# Proud of myself



## everafter (Mar 10, 2011)

I'm less than a week from the divorce. 
stbxh and I were discussing something. I was able to say: "You are glaring at me and I have no idea what that means." Then I realized that that was normal behavior before we were separated. Can't wait!


----------



## lulubelle (Jun 28, 2012)

good for you! it sounds like you've realized divorce is a good thing for you. you deserve better.


----------



## bandit.45 (Feb 8, 2012)

Congratulations. My D just went through.
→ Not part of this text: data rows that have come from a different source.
text \<open>tens is a tensor product map V x U -> T (T = V tensor U): it is bilinear,
its image spans T, and for linearly independent B in V and C in U the pure
tensors b (x) c, (b,c) in B x C, are pairwise distinct and linearly independent.
This determines T together with tens up to unique isomorphism.\<close>

definition is_tensor_product ::
  "('f::field \<Rightarrow> 'v::ab_group_add \<Rightarrow> 'v) \<Rightarrow> ('f \<Rightarrow> 'u::ab_group_add \<Rightarrow> 'u)
   \<Rightarrow> ('f \<Rightarrow> 't::ab_group_add \<Rightarrow> 't) \<Rightarrow> ('v \<Rightarrow> 'u \<Rightarrow> 't) \<Rightarrow> bool" where
  "is_tensor_product sV sU sT tens \<longleftrightarrow>
     vector_space sT \<and>
     (\<forall>v. Vector_Spaces.linear sU sT (tens v)) \<and> (\<forall>x. Vector_Spaces.linear sV sT (\<lambda>v. tens v x)) \<and>
     module.span sT (range (\<lambda>(v, x). tens v x)) = UNIV \<and>
     (\<forall>B C. \<not> module.dependent sV B \<longrightarrow> \<not> module.dependent sU C \<longrightarrow>
        inj_on (\<lambda>(b, c). tens b c) (B \<times> C) \<and>
        \<not> module.dependent sT ((\<lambda>(b, c). tens b c) ` (B \<times> C)))"

definition Ylist :: "nat \<Rightarrow> (nat \<times> nat) list" where
  "Ylist n = concat (map (\<lambda>j. map (\<lambda>i. (i, j)) [1..<j]) [1..<Suc n])"

fun Bseq :: "('f::field \<Rightarrow> 'v::ab_group_add \<Rightarrow> 'v) \<Rightarrow> ('u \<Rightarrow> 'u \<Rightarrow> 'v)
   \<Rightarrow> (nat \<Rightarrow> 'u) \<Rightarrow> nat \<Rightarrow> nat \<Rightarrow> nat set set" where
  "Bseq sV A u n 0 = {}"
| "Bseq sV A u n (Suc k) =
     (let Bk = Bseq sV A u n k;
          Vk = (\<lambda>P. A (u (Min P)) (u (Max P))) ` Bk;
          (i, j) = hd (filter (\<lambda>(i, j). A (u i) (u j) \<notin> module.span sV Vk) (Ylist n))
      in Bk \<union> {{i, j}})"

definition Bcal :: "('f::field \<Rightarrow> 'v::ab_group_add \<Rightarrow> 'v) \<Rightarrow> ('u \<Rightarrow> 'u \<Rightarrow> 'v)
   \<Rightarrow> (nat \<Rightarrow> 'u) \<Rightarrow> nat \<Rightarrow> nat set set" where
  "Bcal sV A u n = Bseq sV A u n (vector_space.dim sV (UNIV :: 'v set))"

definition Wcal :: "nat \<Rightarrow> nat set set \<Rightarrow> nat set set" where
  "Wcal n \<B> = {S. S \<subseteq> {1..n} \<and> card S = 3 \<and> (\<exists>P\<in>\<B>. P \<subseteq> S)}"

definition Psi_pure :: "('v \<Rightarrow> 'u \<Rightarrow> 't::ab_group_add) \<Rightarrow> ('u \<Rightarrow> 'u \<Rightarrow> 'v)
   \<Rightarrow> 'u \<Rightarrow> 'u \<Rightarrow> 'u \<Rightarrow> 't" where
  "Psi_pure tens A x y z = tens (A x y) z + tens (A y z) x + tens (A z x) y"

definition fW :: "('v \<Rightarrow> 'u \<Rightarrow> 't::ab_group_add) \<Rightarrow> ('u \<Rightarrow> 'u \<Rightarrow> 'v)
   \<Rightarrow> (nat \<Rightarrow> 'u) \<Rightarrow> nat set \<Rightarrow> 't" where
  "fW tens A u S = (let l = sorted_list_of_set S in
      Psi_pure tens A (u (l ! 0)) (u (l ! 1)) (u (l ! 2)))"

end

theory Submission
  imports Defs "HOL-Library.Nat_Bijection"
begin

(* Order 2-sets and 3-sets by set_encode; on 2-sets, set_encode {i, j} = 2^i + 2^j is the order
   of Y, and on 3-sets containing a fixed k it is monotone in the remaining pair.  Since the greedy
   construction always picks the least pair whose vector is not yet in the span, the vectors
   A(u_i, u_j), {i, j} in \<B>, form a basis of V in which each A(u_r, u_s) only involves basis
   vectors A(u_i, u_j) with {i, j} <= {r, s}.  In the basis b (x) u_k of V (x) U give each S in W(\<B>)
   the leading coordinate A(P) (x) u_k, where P in \<B> and S = P u {k}.  The coefficient of f(S)
   there is +-1, and f(S') has a nonzero coefficient there only if S' = Q u {k} with P <= Q, hence
   S <= S'.  So the family f(S) is triangular with respect to a total order: it is linearly
   independent and f is injective. *)

lemma bilinear_span_image_eq_UNIV:
  assumes lin_right: "\<And>x. Vector_Spaces.linear s2 s3 (g x)"
    and lin_left: "\<And>y. Vector_Spaces.linear s1 s3 (\<lambda>x. g x y)"
    and X: "module.span s1 X = UNIV" and Y: "module.span s2 Y = UNIV"
    and g: "module.span s3 (range (\<lambda>(x, y). g x y)) = UNIV"
  shows "module.span s3 ((\<lambda>(x, y). g x y) ` (X \<times> Y)) = UNIV"
proof -
  let ?Z = "(\<lambda>(x, y). g x y) ` (X \<times> Y)"
  interpret s3: vector_space s3
    using lin_right by (simp add: Vector_Spaces.linear_def)
  have basic: "g x y \<in> s3.span ?Z" if "x \<in> X" for x y
  proof -
    have "g x y \<in> g x ` module.span s2 Y" using Y by simp
    also have "\<dots> = s3.span (g x ` Y)"
      using module_hom.span_image[OF lin_right[unfolded linear_iff_module_hom]] by simp
    also have "\<dots> \<subseteq> s3.span ?Z" by (rule s3.span_mono) (use that in auto)
    finally show ?thesis .
  qed
  have "g x y \<in> s3.span ?Z" for x y
  proof -
    have "g x y \<in> (\<lambda>x. g x y) ` module.span s1 X" using X by simp
    also have "\<dots> = s3.span ((\<lambda>x. g x y) ` X)"
      using module_hom.span_image[OF lin_left[unfolded linear_iff_module_hom]] by simp
    also have "\<dots> \<subseteq> s3.span ?Z"
      using basic by (intro s3.span_minimal) auto
    finally show ?thesis .
  qed
  then have "s3.span (range (\<lambda>(x, y). g x y)) \<subseteq> s3.span ?Z"
    by (intro s3.span_minimal) auto
  then show ?thesis using g by auto
qed

lemma (in vector_space) independent_image_if_triangular:
  fixes f lead :: "'i \<Rightarrow> 'b" and rank :: "'i \<Rightarrow> 'r::linorder"
  assumes E: "independent E" "span E = UNIV" and W: "finite W"
    and diagonal: "\<And>S. S \<in> W \<Longrightarrow> representation E (f S) (lead S) \<noteq> 0"
    and triangular: "\<And>S S'. S \<in> W \<Longrightarrow> S' \<in> W \<Longrightarrow> representation E (f S') (lead S) \<noteq> 0
                       \<Longrightarrow> S' = S \<or> rank S < rank S'"
  shows "independent (f ` W) \<and> inj_on f W"
proof -
  have "independent (f ` W') \<and> inj_on f W'" if "W' \<subseteq> W" for W'
    using finite_subset[OF that W] that
  proof (induction W' rule: finite_ranking_induct[where f = rank])
    case empty
    then show ?case by (simp add: independent_empty)
  next
    case (insert S W')
    then have IH: "independent (f ` W') \<and> inj_on f W'" and S: "S \<in> W" by auto
    show ?case
    proof (cases "S \<in> W'")
      case True
      then show ?thesis using IH by (simp add: insert_absorb)
    next
      case False
      interpret coord: Vector_Spaces.linear scale "(*)" "\<lambda>v. representation E v (lead S)"
        by (rule linear_representation[OF E])
      have "representation E (f S') (lead S) = 0" if "S' \<in> W'" for S'
        using triangular[OF S, of S'] insert.hyps(2)[OF that] insert.prems that False by force
      then have "representation E y (lead S) = 0" if "y \<in> span (f ` W')" for y
        using coord.eq_0_on_span[OF _ that] by blast
      then have "f S \<notin> span (f ` W')" using diagonal[OF S] by blast
      then show ?thesis using IH False by (auto simp: independent_insertI intro: span_base)
    qed
  qed
  then show ?thesis by blast
qed

lemma tensor_product_basis:
  assumes T: "is_tensor_product sV sU sT tens"
    and B: "\<not> module.dependent sV B" "module.span sV B = UNIV"
    and C: "\<not> module.dependent sU C" "module.span sU C = UNIV"
  shows "\<not> module.dependent sT ((\<lambda>(b, c). tens b c) ` (B \<times> C))"
    and "module.span sT ((\<lambda>(b, c). tens b c) ` (B \<times> C)) = UNIV"
    and "inj_on (\<lambda>(b, c). tens b c) (B \<times> C)"
  using T B C bilinear_span_image_eq_UNIV[of sU sT tens sV B C]
  unfolding is_tensor_product_def by auto
lemma len_additive_infix:
  assumes "len_additive G X (as @ bs @ cs)"
  shows "len_additive G X bs"
proof -
  let ?\<Sigma> = "\<lambda>ys. \<Sum>y\<leftarrow>ys. len G X y"
  have M: "set as \<subseteq> Mon G X" "set bs \<subseteq> Mon G X" "set cs \<subseteq> Mon G X"
    using assms unfolding len_additive_def by auto
  then have C: "set as \<subseteq> carrier G" "set bs \<subseteq> carrier G" "set cs \<subseteq> carrier G"
    using Mon_subset_carrier by auto
  have "lprod G (as @ bs @ cs) = lprod G [lprod G as, lprod G bs, lprod G cs]"
    using C by (simp add: lprod_append lprod_closed)
  then have "?\<Sigma> (as @ bs @ cs) \<le>
      len G X (lprod G as) + len G X (lprod G bs) + len G X (lprod G cs)"
    using assms len_lprod_le[of "[lprod G as, lprod G bs, lprod G cs]"] M lprod_in_Mon
    unfolding len_additive_def by auto
  moreover have "len G X (lprod G as) \<le> ?\<Sigma> as" "len G X (lprod G bs) \<le> ?\<Sigma> bs"
    "len G X (lprod G cs) \<le> ?\<Sigma> cs"
    using M len_lprod_le by auto
  ultimately show ?thesis
    using M unfolding len_additive_def by simp
qed

end

subsection \<open>Prefix products\<close>

definition prefix_prod :: "('a, 'b) monoid_scheme \<Rightarrow> 'a list \<Rightarrow> nat \<Rightarrow> 'a" where
  "prefix_prod G xs j = lprod G (take j xs)"

text \<open>For a linear factorization [x_L, x_1, ..., x_k, x_R] the prefix chain is
  {x_L, x_L x_1, ..., x_L x_1 ... x_k}; the full product g is not part of it.\<close>

definition prefix_chain :: "('a, 'b) monoid_scheme \<Rightarrow> 'a list \<Rightarrow> 'a set" where
  "prefix_chain G xs = prefix_prod G xs ` {1..length xs - 1}"

context word_length_monoid
begin

lemma linfactD:
  assumes "xs \<in> linfact G X g"
  shows "2 \<le> length xs" "set xs \<subseteq> Mon G X" "set xs \<subseteq> carrier G"
    "\<And>i. 0 < i \<Longrightarrow> i < length xs - 1 \<Longrightarrow> xs ! i \<noteq> \<one>"
    "(\<Sum>x\<leftarrow>xs. len G X x) = len G X g" "lprod G xs = g" "len_additive G X xs"
  using assms Mon_subset_carrier unfolding linfact_def len_additive_def by auto

lemma prefix_prod_Suc:
  assumes "j < length xs" "set xs \<subseteq> carrier G"
  shows "prefix_prod G xs (Suc j) = prefix_prod G xs j \<otimes> xs ! j"
proof -
  have "set (take j xs) \<subseteq> carrier G" "xs ! j \<in> carrier G"
    using assms by (auto dest: in_set_takeD)
  then show ?thesis
    using assms(1) by (simp add: prefix_prod_def take_Suc_conv_app_nth lprod_append)
qed

lemma prefix_prod_in_Mon: "set xs \<subseteq> Mon G X \<Longrightarrow> prefix_prod G xs j \<in> Mon G X"
  unfolding prefix_prod_def by (meson lprod_in_Mon set_take_subset order_trans)

lemma len_prefix_prod:
  "len_additive G X xs \<Longrightarrow> len G X (prefix_prod G xs j) = (\<Sum>x\<leftarrow>take j xs. len G X x)"
  using len_additive_infix[of "[]" "take j xs" "drop j xs"]
  unfolding len_additive_def prefix_prod_def by simp

lemma pre_le_prefix_prod:
  assumes xs: "len_additive G X xs" and "j \<le> j'"
  shows "pre_le G X (prefix_prod G xs j) (prefix_prod G xs j')"
proof -
  define ws where "ws = take (j' - j) (drop j xs)"
  have take_j': "take j' xs = take j xs @ ws"
    using \<open>j \<le> j'\<close> take_add[of j "j' - j" xs] unfolding ws_def by simp
  have ws: "len_additive G X ws"
    using len_additive_infix[of "take j xs" ws "drop j' xs"] xs take_j'
    by (metis append.assoc append_take_drop_id)
  have M: "set xs \<subseteq> Mon G X" "set ws \<subseteq> Mon G X"
    using xs ws unfolding len_additive_def by auto
  then have "set (take j xs) \<subseteq> carrier G" "set ws \<subseteq> carrier G"
    using Mon_subset_carrier by (auto dest: in_set_takeD)
  then have "prefix_prod G xs j \<otimes> lprod G ws = prefix_prod G xs j'"
    unfolding prefix_prod_def take_j' by (simp add: lprod_append)
  moreover have "len G X (prefix_prod G xs j) + len G X (lprod G ws) = len G X (prefix_prod G xs j')"
    using len_prefix_prod[OF xs] ws take_j' unfolding len_additive_def by simp
  ultimately show ?thesis
    unfolding pre_le_def using M prefix_prod_in_Mon lprod_in_Mon by blast
qed

lemma prefix_prod_length: "xs \<in> linfact G X g \<Longrightarrow> prefix_prod G xs (length xs) = g"
  unfolding prefix_prod_def using linfactD(6) by simp

lemma strict_mono_on_len_prefix_prod:
  assumes xs: "xs \<in> linfact G X g"
  shows "strict_mono_on {1..length xs - 1} (\<lambda>j. len G X (prefix_prod G xs j))"
proof (rule strict_mono_onI)
  fix j j' assume j: "j \<in> {1..length xs - 1}" "j' \<in> {1..length xs - 1}" "j < j'"
  have "xs ! j \<in> Mon G X" "xs ! j \<noteq> \<one>"
    using linfactD(2,4)[OF xs] j by auto
  then have "0 < len G X (xs ! j)"
    using len_eq_0_iff by blast
  moreover have "take j' xs = take j xs @ [xs ! j] @ take (j' - Suc j) (drop (Suc j) xs)"
    using j take_add[of "Suc j" "j' - Suc j" xs] by (simp add: take_Suc_conv_app_nth)
  ultimately show "len G X (prefix_prod G xs j) < len G X (prefix_prod G xs j')"
    using len_prefix_prod[OF linfactD(7)[OF xs]] by simp
qed

lemma inj_on_prefix_prod:
  assumes "xs \<in> linfact G X g"
  shows "inj_on (prefix_prod G xs) {1..length xs - 1}"
proof -
  have "inj_on (len G X \<circ> prefix_prod G xs) {1..length xs - 1}"
    using strict_mono_on_imp_inj_on[OF strict_mono_on_len_prefix_prod[OF assms]] by (simp add: comp_def)
  then show ?thesis
    by (rule inj_on_imageI2)
qed

lemma inj_on_len_prefix_chain:
  assumes "xs \<in> linfact G X g"
  shows "inj_on (len G X) (prefix_chain G xs)"
proof -
  have "inj_on (len G X \<circ> prefix_prod G xs) {1..length xs - 1}"
    using strict_mono_on_imp_inj_on[OF strict_mono_on_len_prefix_prod[OF assms]] by (simp add: comp_def)
  then show ?thesis
    unfolding prefix_chain_def by (rule inj_on_imageI)
qed

lemma card_prefix_chain: "xs \<in> linfact G X g \<Longrightarrow> card (prefix_chain G xs) = length xs - 1"
  unfolding prefix_chain_def using inj_on_prefix_prod by (simp add: card_image)

lemma sorted_list_of_len_prefix_chain:
  assumes xs: "xs \<in> linfact G X g"
  shows "sorted_list_of_set (len G X ` prefix_chain G xs) =
    map (\<lambda>j. len G X (prefix_prod G xs j)) [1..<length xs]"
    (is "_ = ?lens")
proof -
  have "{1..<length xs} = {1..length xs - 1}"
    using linfactD(1)[OF xs] by auto
  then have "set ?lens = len G X ` prefix_chain G xs"
    unfolding prefix_chain_def by (simp add: image_image)
  moreover have "sorted_wrt (<) ?lens"
    unfolding sorted_wrt_map
    by (rule sorted_wrt_mono_rel[OF _ sorted_wrt_upt])
      (use strict_mono_onD[OF strict_mono_on_len_prefix_prod[OF xs]] in auto)
  ultimately show ?thesis
    by (metis distinct_card sorted_list_of_set_unique finite_imageI finite_set strict_sorted_iff)
qed

lemma prefix_chain_in_nonempty_chains:
  assumes xs: "xs \<in> linfact G X g"
  shows "prefix_chain G xs \<in> nonempty_chains G X g"
proof -
  note pre_le = pre_le_prefix_prod[OF linfactD(7)[OF xs]]
  have "prefix_chain G xs \<subseteq> interval G X g"
    unfolding prefix_chain_def interval_def
    using pre_le[of _ "length xs"] prefix_prod_length[OF xs] by auto
  moreover have "prefix_chain G xs \<noteq> {}"
    unfolding prefix_chain_def using linfactD(1)[OF xs] by auto
  moreover have "pre_le G X a b \<or> pre_le G X b a"
    if "a \<in> prefix_chain G xs" "b \<in> prefix_chain G xs" for a b
    using that pre_le nat_le_linear unfolding prefix_chain_def by blast
  ultimately show ?thesis
    unfolding nonempty_chains_def prefix_chain_def by auto
qed

lemma prefix_prod_eq_if_prefix_chain_eq:
  assumes xs: "xs \<in> linfact G X g" and ys: "ys \<in> linfact G X g"
    and eq: "prefix_chain G xs = prefix_chain G ys"
  shows "length ys = length xs"
    and "\<And>j. j \<le> length xs \<Longrightarrow> prefix_prod G xs j = prefix_prod G ys j"
proof -
  define n where "n = length xs"
  have n: "length ys = n"
    using card_prefix_chain[OF xs] card_prefix_chain[OF ys] eq linfactD(1)[OF xs] linfactD(1)[OF ys]
    unfolding n_def by auto
  then show "length ys = length xs"
    unfolding n_def .
  have lens: "map (\<lambda>j. len G X (prefix_prod G xs j)) [1..<n] =
      map (\<lambda>j. len G X (prefix_prod G ys j)) [1..<n]"
    using sorted_list_of_len_prefix_chain[OF xs] sorted_list_of_len_prefix_chain[OF ys] eq n
    unfolding n_def by simp
  show "prefix_prod G xs j = prefix_prod G ys j" if j: "j \<le> length xs" for j
  proof -
    consider "j = 0" | "j = n" | "j \<in> {1..n - 1}"
      using j unfolding n_def by fastforce
    then show ?thesis
    proof cases
      case 3
      then have "len G X (prefix_prod G xs j) = len G X (prefix_prod G ys j)"
        using arg_cong[OF lens, of "\<lambda>l. l ! (j - 1)"] by auto
      moreover have "prefix_prod G xs j \<in> prefix_chain G xs" "prefix_prod G ys j \<in> prefix_chain G xs"
        using 3 eq n unfolding prefix_chain_def n_def by auto
      ultimately show ?thesis
        using inj_on_len_prefix_chain[OF xs] by (auto dest: inj_onD)
    qed (use prefix_prod_length[OF xs] prefix_prod_length[OF ys] n n_def
        in \<open>auto simp: prefix_prod_def\<close>)
  qed
qed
Heaven!
_Posted via Mobile Device_


----------



## Dollystanford (Mar 14, 2012)

Oh you guys are making me jealous, I'm being impatient I know.. and he's being all nice to me, he's up to something 
_Posted via Mobile Device_


----------



## bandit.45 (Feb 8, 2012)

Dollystanford said:


> Oh you guys are making me jealous, I'm being impatient I know.. and he's being all nice to me, he's up to something
> _Posted via Mobile Device_


Don't trust him.
_Posted via Mobile Device_


----------



## Dollystanford (Mar 14, 2012)

Not as far as I could throw him love
_Posted via Mobile Device_


----------



## Rawrdonstein (Jun 14, 2012)

No one could have told me a few months ago that I would feel as I do today. Guess you never know how strong you can be until you have to. Looking forward to ending this and starting a new chapter.


----------



## everafter (Mar 10, 2011)

Thanks all. It's been over a year to get to this point. Even though I still have issues (and Lord knows stbxh does) I am getting stronger every day. Slowly healing, although am surprised at times by things which upset me which shouldn't. Finding myself again. Thinking I might start dating (which he hasn't stopped doing) I see the good. His constant scorn toward me eroded a part of myself which I didn't even know was missing.


----------